- Opening Delimiter -

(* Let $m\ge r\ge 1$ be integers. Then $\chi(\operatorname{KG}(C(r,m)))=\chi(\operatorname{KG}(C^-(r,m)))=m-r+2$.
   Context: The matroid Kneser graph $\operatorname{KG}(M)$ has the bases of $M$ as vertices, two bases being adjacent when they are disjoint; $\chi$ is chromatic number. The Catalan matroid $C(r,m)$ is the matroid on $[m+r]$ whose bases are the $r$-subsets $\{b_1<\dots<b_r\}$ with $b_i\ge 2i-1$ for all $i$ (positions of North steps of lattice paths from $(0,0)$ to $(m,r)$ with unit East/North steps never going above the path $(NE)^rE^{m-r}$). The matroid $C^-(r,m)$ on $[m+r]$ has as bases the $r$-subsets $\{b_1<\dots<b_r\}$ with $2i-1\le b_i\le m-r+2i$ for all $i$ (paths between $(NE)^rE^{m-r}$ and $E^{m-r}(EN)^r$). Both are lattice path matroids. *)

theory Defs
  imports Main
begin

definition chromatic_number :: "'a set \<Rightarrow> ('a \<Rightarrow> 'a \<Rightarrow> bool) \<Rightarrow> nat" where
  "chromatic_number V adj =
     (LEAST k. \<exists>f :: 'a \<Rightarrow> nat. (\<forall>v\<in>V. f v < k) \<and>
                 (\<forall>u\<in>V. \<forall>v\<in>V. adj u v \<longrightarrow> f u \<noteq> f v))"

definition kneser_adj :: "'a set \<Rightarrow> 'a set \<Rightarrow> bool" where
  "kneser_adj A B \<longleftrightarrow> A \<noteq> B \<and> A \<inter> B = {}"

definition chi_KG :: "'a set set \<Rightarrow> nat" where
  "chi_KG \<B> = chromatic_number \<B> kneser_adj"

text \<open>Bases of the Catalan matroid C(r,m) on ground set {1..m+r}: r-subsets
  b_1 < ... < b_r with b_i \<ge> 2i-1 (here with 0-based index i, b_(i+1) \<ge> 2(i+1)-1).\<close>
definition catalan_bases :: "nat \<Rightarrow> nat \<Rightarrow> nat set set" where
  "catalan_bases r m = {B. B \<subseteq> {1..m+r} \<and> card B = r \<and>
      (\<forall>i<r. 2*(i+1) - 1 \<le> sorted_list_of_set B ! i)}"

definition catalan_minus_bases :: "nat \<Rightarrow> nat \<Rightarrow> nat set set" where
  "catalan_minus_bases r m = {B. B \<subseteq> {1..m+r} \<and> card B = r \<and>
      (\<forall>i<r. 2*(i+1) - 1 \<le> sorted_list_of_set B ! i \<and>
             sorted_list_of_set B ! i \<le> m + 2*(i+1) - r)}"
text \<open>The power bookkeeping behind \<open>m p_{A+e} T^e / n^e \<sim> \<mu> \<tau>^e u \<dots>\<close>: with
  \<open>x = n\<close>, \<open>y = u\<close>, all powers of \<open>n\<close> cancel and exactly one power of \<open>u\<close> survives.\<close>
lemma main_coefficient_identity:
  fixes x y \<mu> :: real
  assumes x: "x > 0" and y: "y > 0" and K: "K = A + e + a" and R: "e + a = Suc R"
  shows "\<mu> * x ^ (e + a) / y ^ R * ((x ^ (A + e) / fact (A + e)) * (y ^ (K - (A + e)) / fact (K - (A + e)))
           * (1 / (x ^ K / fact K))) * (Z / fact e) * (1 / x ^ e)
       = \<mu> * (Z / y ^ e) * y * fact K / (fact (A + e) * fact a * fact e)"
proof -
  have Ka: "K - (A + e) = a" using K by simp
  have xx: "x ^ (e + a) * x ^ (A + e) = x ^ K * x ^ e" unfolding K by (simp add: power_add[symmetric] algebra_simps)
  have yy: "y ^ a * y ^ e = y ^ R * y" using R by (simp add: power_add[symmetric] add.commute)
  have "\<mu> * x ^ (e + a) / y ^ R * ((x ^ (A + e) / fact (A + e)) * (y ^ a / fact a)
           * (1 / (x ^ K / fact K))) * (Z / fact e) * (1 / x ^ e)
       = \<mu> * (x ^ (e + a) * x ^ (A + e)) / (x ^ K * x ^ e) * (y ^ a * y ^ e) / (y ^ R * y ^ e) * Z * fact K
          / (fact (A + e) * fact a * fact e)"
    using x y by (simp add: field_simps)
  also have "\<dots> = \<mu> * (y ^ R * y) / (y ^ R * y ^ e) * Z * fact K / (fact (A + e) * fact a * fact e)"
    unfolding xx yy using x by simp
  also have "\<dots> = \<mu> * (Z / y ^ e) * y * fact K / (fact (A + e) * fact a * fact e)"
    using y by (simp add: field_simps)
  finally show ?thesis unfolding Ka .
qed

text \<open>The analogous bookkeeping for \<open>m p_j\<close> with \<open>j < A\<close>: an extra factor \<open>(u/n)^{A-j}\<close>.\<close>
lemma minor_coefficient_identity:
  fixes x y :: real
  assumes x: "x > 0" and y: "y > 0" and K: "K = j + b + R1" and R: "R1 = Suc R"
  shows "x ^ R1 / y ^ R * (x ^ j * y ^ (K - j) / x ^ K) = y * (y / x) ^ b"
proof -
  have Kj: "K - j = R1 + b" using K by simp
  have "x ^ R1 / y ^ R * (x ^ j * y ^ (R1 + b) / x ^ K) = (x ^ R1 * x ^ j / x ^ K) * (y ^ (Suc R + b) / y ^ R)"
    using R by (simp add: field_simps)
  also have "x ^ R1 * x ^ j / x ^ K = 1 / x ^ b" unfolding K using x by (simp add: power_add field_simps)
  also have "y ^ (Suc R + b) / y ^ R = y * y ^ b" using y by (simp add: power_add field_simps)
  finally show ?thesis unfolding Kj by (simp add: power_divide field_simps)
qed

- Closing Delimiter -

WHAT TO WORK ON. Answer only with how many lines in the records include "using".

RESPONSE. 9